Remove the rubber pad, and take that folded foam wrapper out of the buttstock. Take a small sock (I used one of my kids' old sock, make sure no hole in the sock). Insert the sock into the hollow buttstock. Wrap the elastic top of the sock around the rear end of the buttstock. Essentially, you just created a funnel. Position your rifle with the muzzle pointing straight down. Pour the steel BB into the sock funnel. Use a blunt stick to pack the BB at the bottom of the sock. Repeat the process until your sock is filled with BB about 1" below the stock line. Remove the sock elastic top from the stock. Use a cable tie to secure the sock end. Reinstall the rubber buttpad. Done!

Using this method I added close to 2 lb of weight. The BB is tightly packed inside the sock, there is absolutely no rattle.  The stock now feels and sounds solid (just tap it, and it does not sound hollow at all, no matter where you tap it). And more importantly, this modification is non-permanent and we don't have to mess with epoxy. 

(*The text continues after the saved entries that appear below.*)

lemma closed_label_region_convex_combination:
  assumes "convex X" "x \<in> closed_label_region X v i \<mu>1" "y \<in> closed_label_region X v i \<mu>2"
    "0 \<le> t" "t \<le> 1"
  shows "(1 - t) *\<^sub>R x + t *\<^sub>R y \<in> closed_label_region X v i ((1 - t) *\<^sub>R \<mu>1 + t *\<^sub>R \<mu>2)"
proof -
  have "(1 - t) *\<^sub>R x + t *\<^sub>R y \<in> X"
    using assms by (intro convexD) (auto simp: closed_label_region_def)
  moreover have
    "(i j = -1 \<longrightarrow> v j \<bullet> ((1 - t) *\<^sub>R x + t *\<^sub>R y) \<le> ((1 - t) *\<^sub>R \<mu>1 + t *\<^sub>R \<mu>2)$j) \<and>
     (i j = 1 \<longrightarrow> ((1 - t) *\<^sub>R \<mu>1 + t *\<^sub>R \<mu>2)$j \<le> v j \<bullet> ((1 - t) *\<^sub>R x + t *\<^sub>R y))" for j
  proof -
    have "v j \<bullet> ((1 - t) *\<^sub>R x + t *\<^sub>R y) = (1 - t) * (v j \<bullet> x) + t * (v j \<bullet> y)"
      by (simp add: inner_add_right)
    moreover have "((1 - t) *\<^sub>R \<mu>1 + t *\<^sub>R \<mu>2)$j = (1 - t) * \<mu>1$j + t * \<mu>2$j" by simp
    ultimately show ?thesis
      using assms unfolding closed_label_region_def by (auto intro!: add_mono mult_left_mono)
  qed
  ultimately show ?thesis by (simp add: closed_label_region_def)
qed

fun closed_cyl :: "'a::euclidean_space set \<Rightarrow> (('l \<Rightarrow> int) \<Rightarrow> 'a \<Rightarrow> 'a) \<Rightarrow> (('l \<Rightarrow> int) \<Rightarrow> 'a)
     \<Rightarrow> ('l \<Rightarrow> 'a) \<Rightarrow> ('l \<Rightarrow> int) list \<Rightarrow> real^'l::finite \<Rightarrow> 'a set" where
  "closed_cyl X Lam b v [] \<mu> = UNIV"
| "closed_cyl X Lam b v (i # \<alpha>) \<mu> =
     closed_label_region X v i \<mu> \<inter> {x. phi Lam b i x \<in> closed_cyl X Lam b v \<alpha> \<mu>}"

lemma Aset_subset_closed_label_region: "Aset X v i \<mu> \<subseteq> closed_label_region X v i \<mu>"
  using rel_interior_subset label_region_subset_closed unfolding Aset_def by blast

lemma cyl_subset_closed_cyl: "cyl X Lam b v \<alpha> \<mu> \<subseteq> closed_cyl X Lam b v \<alpha> \<mu>"
  by (induction \<alpha>) (use Aset_subset_closed_label_region in fastforce)+

lemma cyl_subset: "\<alpha> \<noteq> [] \<Longrightarrow> cyl X Lam b v \<alpha> \<mu> \<subseteq> X"
  by (cases \<alpha>) (auto simp: Aset_def dest: rel_interior_subset[THEN subsetD])

lemma phi_convex_combination:
  assumes "linear (Lam i)"
  shows "phi Lam b i ((1 - t) *\<^sub>R x + t *\<^sub>R y) = (1 - t) *\<^sub>R phi Lam b i x + t *\<^sub>R phi Lam b i y"
proof -
  have "Lam i ((1 - t) *\<^sub>R x + t *\<^sub>R y) = (1 - t) *\<^sub>R Lam i x + t *\<^sub>R Lam i y"
    by (simp only: linear_add[OF assms] linear_scale[OF assms])
  then show ?thesis by (simp add: phi_def algebra_simps)
qed

lemma cyl_half_open_segment:
  assumes X: "convex X" and lin: "\<And>i. i \<in> labels \<Longrightarrow> linear (Lam i)"
  shows "set \<alpha> \<subseteq> labels \<Longrightarrow> p \<in> cyl X Lam b v \<alpha> \<mu> \<Longrightarrow> q \<in> closed_cyl X Lam b v \<alpha> \<mu> \<Longrightarrow>
    0 < s \<Longrightarrow> s \<le> 1 \<Longrightarrow> (1 - s) *\<^sub>R q + s *\<^sub>R p \<in> cyl X Lam b v \<alpha> \<mu>"
proof (induction \<alpha> arbitrary: p q)
  case (Cons i \<alpha>)
  let ?E = "{x \<in> X. sigma v \<mu> x = i}"
  have p: "p \<in> rel_interior X" "p \<in> rel_interior ?E" "phi Lam b i p \<in> cyl X Lam b v \<alpha> \<mu>"
    and q: "q \<in> closed_label_region X v i \<mu>" "phi Lam b i q \<in> closed_cyl X Lam b v \<alpha> \<mu>"
    using Cons.prems by (auto simp: Aset_def)
  have shrink: "(1 - s) *\<^sub>R q + s *\<^sub>R p = q - s *\<^sub>R (q - p)" by (simp add: algebra_simps)
  have "q \<in> closure X" using q(1) closure_subset by (auto simp: closed_label_region_def)
  then have "(1 - s) *\<^sub>R q + s *\<^sub>R p \<in> rel_interior X"
    unfolding shrink using rel_interior_closure_convex_shrink[OF X p(1)] Cons.prems by blast
  moreover have "q \<in> closure ?E"
    using closed_label_region_subset_closure[OF X] q(1) p(2) rel_interior_subset by blast
  then have "(1 - s) *\<^sub>R q + s *\<^sub>R p \<in> rel_interior ?E"
    unfolding shrink
    using rel_interior_closure_convex_shrink[OF convex_label_region[OF X] p(2)] Cons.prems by blast
  moreover have "phi Lam b i ((1 - s) *\<^sub>R q + s *\<^sub>R p) \<in> cyl X Lam b v \<alpha> \<mu>"
    using Cons.IH[OF _ p(3) q(2)] Cons.prems lin by (simp add: phi_convex_combination)
  ultimately show ?case by (simp add: Aset_def)
qed simp

lemma closed_cyl_subset_closure_cyl:
  assumes "convex X" "\<And>i. i \<in> labels \<Longrightarrow> linear (Lam i)" "set \<alpha> \<subseteq> labels"
    and "cyl X Lam b v \<alpha> \<mu> \<noteq> {}"
  shows "closed_cyl X Lam b v \<alpha> \<mu> \<subseteq> closure (cyl X Lam b v \<alpha> \<mu>)"
proof
  fix q assume "q \<in> closed_cyl X Lam b v \<alpha> \<mu>"
  moreover obtain p where "p \<in> cyl X Lam b v \<alpha> \<mu>" using assms(4) by blast
  ultimately show "q \<in> closure (cyl X Lam b v \<alpha> \<mu>)"
    using cyl_half_open_segment[where Lam = Lam, OF assms(1-3)]
    by (intro closure_if_half_open_segment_subset)
qed
lemma sum_div_partial_sums_le_ln:
  fixes a :: "nat \<Rightarrow> real"
  assumes a: "\<And>t. 0 \<le> a t" and c: "0 < c"
  shows "(\<Sum>t<T. a t / (c + (\<Sum>s<Suc t. a s))) \<le> ln ((c + (\<Sum>t<T. a t)) / c)"
proof (induction T)
  case 0
  then show ?case by simp
next
  case (Suc T)
  define y where "y = c + (\<Sum>s<T. a s)"
  define z where "z = y + a T"
  have y: "0 < y" using c a by (simp add: y_def add_pos_nonneg sum_nonneg)
  have z: "0 < z" "y \<le> z" using y a by (auto simp: z_def intro: add_pos_nonneg)
  have "a T / z = 1 - y / z" using z by (simp add: z_def field_simps)
  also have "\<dots> \<le> - ln (y / z)" using ln_le_minus_one[of "y / z"] y z by simp
  also have "\<dots> = ln (z / c) - ln (y / c)" using y z c by (simp add: ln_div)
  finally show ?case using Suc.IH by (simp add: y_def z_def add.assoc)
qed

lemma sum_adagrad_steps_sq_le:
  fixes a :: "nat \<Rightarrow> real"
  assumes a: "\<And>t. 0 \<le> a t" and c: "0 < c" and \<rho>: "0 < \<rho>"
  shows "(\<Sum>t<T. (1 / (\<rho> * sqrt (c + (\<Sum>s<Suc t. a s))))\<^sup>2 * a t)
    \<le> ln ((c + (\<Sum>t<T. a t)) / c) / \<rho>\<^sup>2"
proof -
  have Q: "0 < c + (\<Sum>s<Suc t. a s)" for t using c a by (simp add: add_pos_nonneg sum_nonneg)
  have "(\<Sum>t<T. (1 / (\<rho> * sqrt (c + (\<Sum>s<Suc t. a s))))\<^sup>2 * a t)
      = (\<Sum>t<T. a t / (c + (\<Sum>s<Suc t. a s))) / \<rho>\<^sup>2"
    unfolding sum_divide_distrib
    by (rule sum.cong) (use Q in \<open>simp_all add: power_mult_distrib power_divide less_imp_le\<close>)
  also have "\<dots> \<le> ln ((c + (\<Sum>t<T. a t)) / c) / \<rho>\<^sup>2"
    using sum_div_partial_sums_le_ln[OF a c] by (simp add: divide_right_mono)
  finally show ?thesis .
qed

I shot my XS7 today with the new weighted stock.  The heavier rifle does reduce the recoil!  Moreover, try to shoulder the rifle to shoot off hand. The heavier buttstock makes off-hand position more stable and comfortable, thanks to the shift of the rifle COM further back towards the shooter.*


----------



## SCDAWG (Oct 28, 2009)

Thanks everyone for the input. I decided to try stuffing plastic grocery bags into the stock. It seems to have worked pretty well. The stock feels and sounds more solid, doesn't add any weight, and isn't permanent. I might try adding weight later on as my sons grow.


----------